For Wyoming game warden Joe Pickett, this wasn't one of those days. This was a day that would both start and end with blood on the snow.
At midday, he climbed out of the cab of his replacement green Ford F-150 pickup and pulled on coveralls and a winter parka over his red uniform shirt and wool Filson vest. He'd had the foresight to layer up that morning before leaving his house, and he was also wearing merino wool long johns and thick wool socks. He buckled knee-high nylon gaiters over his lace-up Sorel pack boots, then placed his hat crown-down on the dashboard and replaced it with a thick wool rancher's cap with the earflaps down.
On the open tailgate of his vehicle, he filled a light daypack with gear: water, snowshoes, camera, necropsy kit, extra ammo, ticket book, binoculars, sat phone. While he did so, he shot a glance at the storm cloud shrouding the mountains and muting the sun. A significant "weather event" had been predicted by the National Weather Service for southern Montana and northern Wyoming. Joe didn't question it. It felt like snow was coming, maybe a lot of it, and he needed to find an injured elk cow and put her out of her misery before the storm roared down from those mountains and engulfed him.
The interstate highway had closed an hour before, as it so often did because of heavy snowfall, high winds, and vehicle crashes.
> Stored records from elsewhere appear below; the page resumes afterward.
(* Let $R>0$ and let $\mathbf L\colon\mathbb R^n\times\mathbb R^m\to\mathbb R$ be an $R$-smooth convex-concave function with a saddle point $\mathbf z^\star$. Let $\alpha_0=\frac{0.618}{R}$, $\alpha_{k+1}=\alpha_k\left(1-\frac{1}{(k+1)(k+3)}\frac{\alpha_k^2R^2}{1-\alpha_k^2R^2}\right)$ for $k\ge0$, let $\mathbf z^0\in\mathbb R^n\times\mathbb R^m$, and define $$\mathbf z^{k+1/2}=\mathbf z^k+\tfrac{1}{k+2}(\mathbf z^0-\mathbf z^k)-\alpha_k\mathbf G(\mathbf z^k),\qquad \mathbf z^{k+1}=\mathbf z^k+\tfrac{1}{k+2}(\mathbf z^0-\mathbf z^k)-\alpha_k\mathbf G(\mathbf z^{k+1/2}),\quad k\ge0.$$ Then for all $k\ge0$, $$\|\nabla\mathbf L(\mathbf z^k)\|^2\le\frac{27R^2\|\mathbf z^0-\mathbf z^\star\|^2}{(k+1)(k+2)}.$$
   Context: Write $\mathbf z=(\mathbf x,\mathbf y)$. $\mathbf L$ convex-concave: convex in $\mathbf x$ for fixed $\mathbf y$, concave in $\mathbf y$ for fixed $\mathbf x$. A saddle point $(\mathbf x^\star,\mathbf y^\star)$ satisfies $\mathbf L(\mathbf x^\star,\mathbf y)\le\mathbf L(\mathbf x^\star,\mathbf y^\star)\le\mathbf L(\mathbf x,\mathbf y^\star)$ for all $\mathbf x,\mathbf y$. $\mathbf G(\mathbf z)=(\nabla_{\mathbf x}\mathbf L(\mathbf x,\mathbf y),-\nabla_{\mathbf y}\mathbf L(\mathbf x,\mathbf y))$; $\mathbf L$ is $R$-smooth if it is differentiable and $\mathbf G$ is $R$-Lipschitz. *)

theory Defs
  imports "HOL-Analysis.Analysis"
begin

definition grad :: "('a::euclidean_space \<Rightarrow> real) \<Rightarrow> 'a \<Rightarrow> 'a" where
  "grad f x = (THE g. (f has_derivative (\<lambda>h. g \<bullet> h)) (at x))"

definition grad_x :: "('a::euclidean_space \<times> 'b::euclidean_space \<Rightarrow> real) \<Rightarrow> 'a \<times> 'b \<Rightarrow> 'a" where
  "grad_x L z = grad (\<lambda>x. L (x, snd z)) (fst z)"

definition grad_y :: "('a::euclidean_space \<times> 'b::euclidean_space \<Rightarrow> real) \<Rightarrow> 'a \<times> 'b \<Rightarrow> 'b" where
  "grad_y L z = grad (\<lambda>y. L (fst z, y)) (snd z)"

definition saddle_op :: "('a::euclidean_space \<times> 'b::euclidean_space \<Rightarrow> real) \<Rightarrow> 'a \<times> 'b \<Rightarrow> 'a \<times> 'b" where
  "saddle_op L z = (grad_x L z, - grad_y L z)"

definition convex_concave :: "('a::euclidean_space \<times> 'b::euclidean_space \<Rightarrow> real) \<Rightarrow> bool" where
  "convex_concave L \<longleftrightarrow> (\<forall>y. convex_on UNIV (\<lambda>x. L (x, y))) \<and> (\<forall>x. concave_on UNIV (\<lambda>y. L (x, y)))"

definition is_saddle_point :: "('a \<times> 'b \<Rightarrow> real) \<Rightarrow> 'a \<times> 'b \<Rightarrow> bool" where
  "is_saddle_point L zs \<longleftrightarrow>
     (\<forall>x y. L (fst zs, y) \<le> L zs \<and> L zs \<le> L (x, snd zs))"

definition smooth_cc :: "real \<Rightarrow> ('a::euclidean_space \<times> 'b::euclidean_space \<Rightarrow> real) \<Rightarrow> bool" where
  "smooth_cc R L \<longleftrightarrow> (\<forall>z. L differentiable (at z)) \<and> R-lipschitz_on UNIV (saddle_op L)"

end

theory Submission
  imports Defs
begin

text \<open>
  Write \<open>G = saddle_op L\<close>. Convexity-concavity makes \<open>G\<close> monotone (add up the four
  first-order convexity and concavity inequalities at two points), and by Fermat's rule \<open>G\<close>
  vanishes at the saddle point \<open>z\<^sup>\<star>\<close>; moreover \<open>\<parallel>G z\<parallel> = \<parallel>\<nabla>L z\<parallel>\<close>. So it suffices to
  analyse the anchored extragradient iteration for a monotone \<open>R\<close>-Lipschitz operator.

  The potential \<open>V\<^sub>k = \<alpha>\<^sub>k (k+1)(k+2) \<parallel>G z\<^sub>k\<parallel>\<^sup>2 + 2(k+1) \<langle>G z\<^sub>k, z\<^sub>k - z\<^sub>0\<rangle>\<close> is nonincreasing:
  up to a positive factor, \<open>V\<^sub>k - V\<^sub>k\<^sub>+\<^sub>1\<close> is a nonnegative combination of the monotonicity
  inequality between \<open>z\<^sub>k\<close> and \<open>z\<^sub>k\<^sub>+\<^sub>1\<close>, the Lipschitz inequality between \<open>z\<^sub>k\<^sub>+\<^sub>1\<^sub>/\<^sub>2\<close> and
  \<open>z\<^sub>k\<^sub>+\<^sub>1\<close>, and a square, and the step-size recursion is exactly what cancels the remaining
  \<open>\<parallel>G z\<^sub>k\<^sub>+\<^sub>1\<parallel>\<^sup>2\<close> term. Since \<open>\<langle>G z\<^sub>k, z\<^sub>k - z\<^sup>\<star>\<rangle> \<ge> 0\<close>, the potential is at least
  \<open>\<alpha>\<^sub>k (k+1)(k+2) \<parallel>G z\<^sub>k\<parallel>\<^sup>2 - 2(k+1) \<parallel>G z\<^sub>k\<parallel> \<parallel>z\<^sub>0 - z\<^sup>\<star>\<parallel>\<close>, while
  \<open>V\<^sub>0 \<le> 2 \<alpha>\<^sub>0 R\<^sup>2 \<parallel>z\<^sub>0 - z\<^sup>\<star>\<parallel>\<^sup>2\<close>. A numerical enclosure of the step sizes gives
  \<open>0.435 \<le> \<alpha>\<^sub>k R \<le> 0.618\<close>, and solving the resulting quadratic inequality for \<open>\<parallel>G z\<^sub>k\<parallel>\<close>
  yields the constant 27.
\<close>

lemma grad_eqI:
  fixes f :: "'a::euclidean_space \<Rightarrow> real"
  assumes "(f has_derivative (\<lambda>h. g \<bullet> h)) (at x)"
  shows "grad f x = g"
  unfolding grad_def
proof (rule the_equality)
  fix g' assume "(f has_derivative (\<lambda>h. g' \<bullet> h)) (at x)"
  then have "(\<lambda>h. g' \<bullet> h) = (\<lambda>h. g \<bullet> h)" using assms by (rule has_derivative_unique)
  then show "g' = g" by (metis vector_eq_rdot)
qed fact

lemma has_derivative_grad:
  fixes f :: "'a::euclidean_space \<Rightarrow> real"
  assumes "f differentiable (at x)"
  shows "(f has_derivative (\<lambda>h. grad f x \<bullet> h)) (at x)"
proof -
  obtain D where D: "(f has_derivative D) (at x)" using assms unfolding differentiable_def by blast
  have "D = (\<lambda>h. adjoint D 1 \<bullet> h)"
    using adjoint_works[OF has_derivative_linear[OF D]] by (simp add: fun_eq_iff inner_commute)
  with D show ?thesis using grad_eqI by metis
qed

lemma has_derivative_partial_fst:
  fixes f :: "'a::real_inner \<times> 'b::real_inner \<Rightarrow> real"
  assumes "(f has_derivative (\<lambda>h. g \<bullet> h)) (at z)"
  shows "((\<lambda>x. f (x, snd z)) has_derivative (\<lambda>h. fst g \<bullet> h)) (at (fst z))"
proof -
  have "((\<lambda>x. (x, snd z)) has_derivative (\<lambda>h. (h, 0))) (at (fst z))"
    by (auto intro!: derivative_eq_intros)
  moreover have "(f has_derivative (\<lambda>h. g \<bullet> h)) (at (fst z, snd z))"
    using assms by simp
  ultimately show ?thesis
    using has_derivative_compose by (fastforce simp: inner_Pair_0)
qed

lemma has_derivative_partial_snd:
  fixes f :: "'a::real_inner \<times> 'b::real_inner \<Rightarrow> real"
  assumes "(f has_derivative (\<lambda>h. g \<bullet> h)) (at z)"
  shows "((\<lambda>y. f (fst z, y)) has_derivative (\<lambda>h. snd g \<bullet> h)) (at (snd z))"
proof -
  have "((\<lambda>y. (fst z, y)) has_derivative (\<lambda>h. (0, h))) (at (snd z))"
    by (auto intro!: derivative_eq_intros)
  moreover have "(f has_derivative (\<lambda>h. g \<bullet> h)) (at (fst z, snd z))"
    using assms by simp
  ultimately show ?thesis
    using has_derivative_compose by (fastforce simp: inner_Pair_0)
qed

lemma grad_x_eq_fst_grad:
  assumes "L differentiable (at z)"
  shows "grad_x L z = fst (grad L z)"
  unfolding grad_x_def by (rule grad_eqI, rule has_derivative_partial_fst, rule has_derivative_grad[OF assms])

lemma grad_y_eq_snd_grad:
  assumes "L differentiable (at z)"
  shows "grad_y L z = snd (grad L z)"
  unfolding grad_y_def by (rule grad_eqI, rule has_derivative_partial_snd, rule has_derivative_grad[OF assms])

lemma has_derivative_grad_x:
  assumes "L differentiable (at z)"
  shows "((\<lambda>x. L (x, snd z)) has_derivative (\<lambda>h. grad_x L z \<bullet> h)) (at (fst z))"
  unfolding grad_x_eq_fst_grad[OF assms] by (rule has_derivative_partial_fst, rule has_derivative_grad[OF assms])

lemma has_derivative_grad_y:
  assumes "L differentiable (at z)"
  shows "((\<lambda>y. L (fst z, y)) has_derivative (\<lambda>h. grad_y L z \<bullet> h)) (at (snd z))"
  unfolding grad_y_eq_snd_grad[OF assms] by (rule has_derivative_partial_snd, rule has_derivative_grad[OF assms])

lemma norm_saddle_op:
  assumes "L differentiable (at z)"
  shows "norm (saddle_op L z) = norm (grad L z)"
  unfolding saddle_op_def grad_x_eq_fst_grad[OF assms] grad_y_eq_snd_grad[OF assms]
  by (metis norm_Pair norm_minus_cancel prod.collapse)

lemma convex_on_above_tangent:
  fixes f :: "'a::real_normed_vector \<Rightarrow> real"
  assumes convex: "convex_on UNIV f" and deriv: "(f has_derivative f') (at x)"
  shows "f x + f' (y - x) \<le> f y"
proof -
  define \<phi> where "\<phi> t = f (x + t *\<^sub>R (y - x))" for t :: real
  have "convex_on UNIV \<phi>"
  proof (rule convex_onI)
    fix t s u :: real assume "0 < t" "t < 1"
    have "x + ((1 - t) *\<^sub>R s + t *\<^sub>R u) *\<^sub>R (y - x)
        = (1 - t) *\<^sub>R (x + s *\<^sub>R (y - x)) + t *\<^sub>R (x + u *\<^sub>R (y - x))"
      by (simp add: algebra_simps)
    then show "\<phi> ((1 - t) *\<^sub>R s + t *\<^sub>R u) \<le> (1 - t) * \<phi> s + t * \<phi> u"
      unfolding \<phi>_def using convex_onD[OF convex, of t] \<open>0 < t\<close> \<open>t < 1\<close> by simp
  qed simp
  moreover have "(\<phi> has_field_derivative f' (y - x)) (at 0)"
  proof -
    have "((\<lambda>t::real. x + t *\<^sub>R (y - x)) has_derivative (\<lambda>t. t *\<^sub>R (y - x))) (at 0)"
      by (auto intro!: derivative_eq_intros)
    from has_derivative_compose[OF this] deriv
    have "(\<phi> has_derivative (\<lambda>t. f' (t *\<^sub>R (y - x)))) (at 0)"
      unfolding \<phi>_def by simp
    then show ?thesis
      using linear_scale[OF has_derivative_linear[OF deriv]]
      by (simp add: has_field_derivative_def mult_commute_abs)
  qed
  ultimately have "f' (y - x) * (1 - 0) \<le> \<phi> 1 - \<phi> 0"
    by (intro convex_on_imp_above_tangent) auto
  then show ?thesis unfolding \<phi>_def by simp
qed

lemma concave_on_below_tangent:
  fixes f :: "'a::real_normed_vector \<Rightarrow> real"
  assumes "concave_on UNIV f" and "(f has_derivative f') (at x)"
  shows "f y \<le> f x + f' (y - x)"
  using convex_on_above_tangent[of "\<lambda>x. - f x" "\<lambda>h. - f' h" x y] assms
  by (simp add: concave_on_def has_derivative_minus)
The winter, thus far, had been brutal. Storm after storm since Christmas, and very little melting. The snowpack in the mountains was one hundred and fifty percent of normal, which was a relief after several years of drought, but getting through it had been cruel. During his lifetime in the Rocky Mountains, Joe had rarely been bothered by long winters, but this year was different. He was getting tired of constant snow making everything he did more difficult.
He was located fifteen miles from Saddlestring on a paved but potholed county road that ran east to west, parallel to the foothills. It was on that road that morning that a young male driver en route to a Montana ski resort for spring break had taken a shortcut from the interstate highway. He'd apparently been looking at the navigation app on his smartphone screen when he plowed into a small herd of elk crossing the road.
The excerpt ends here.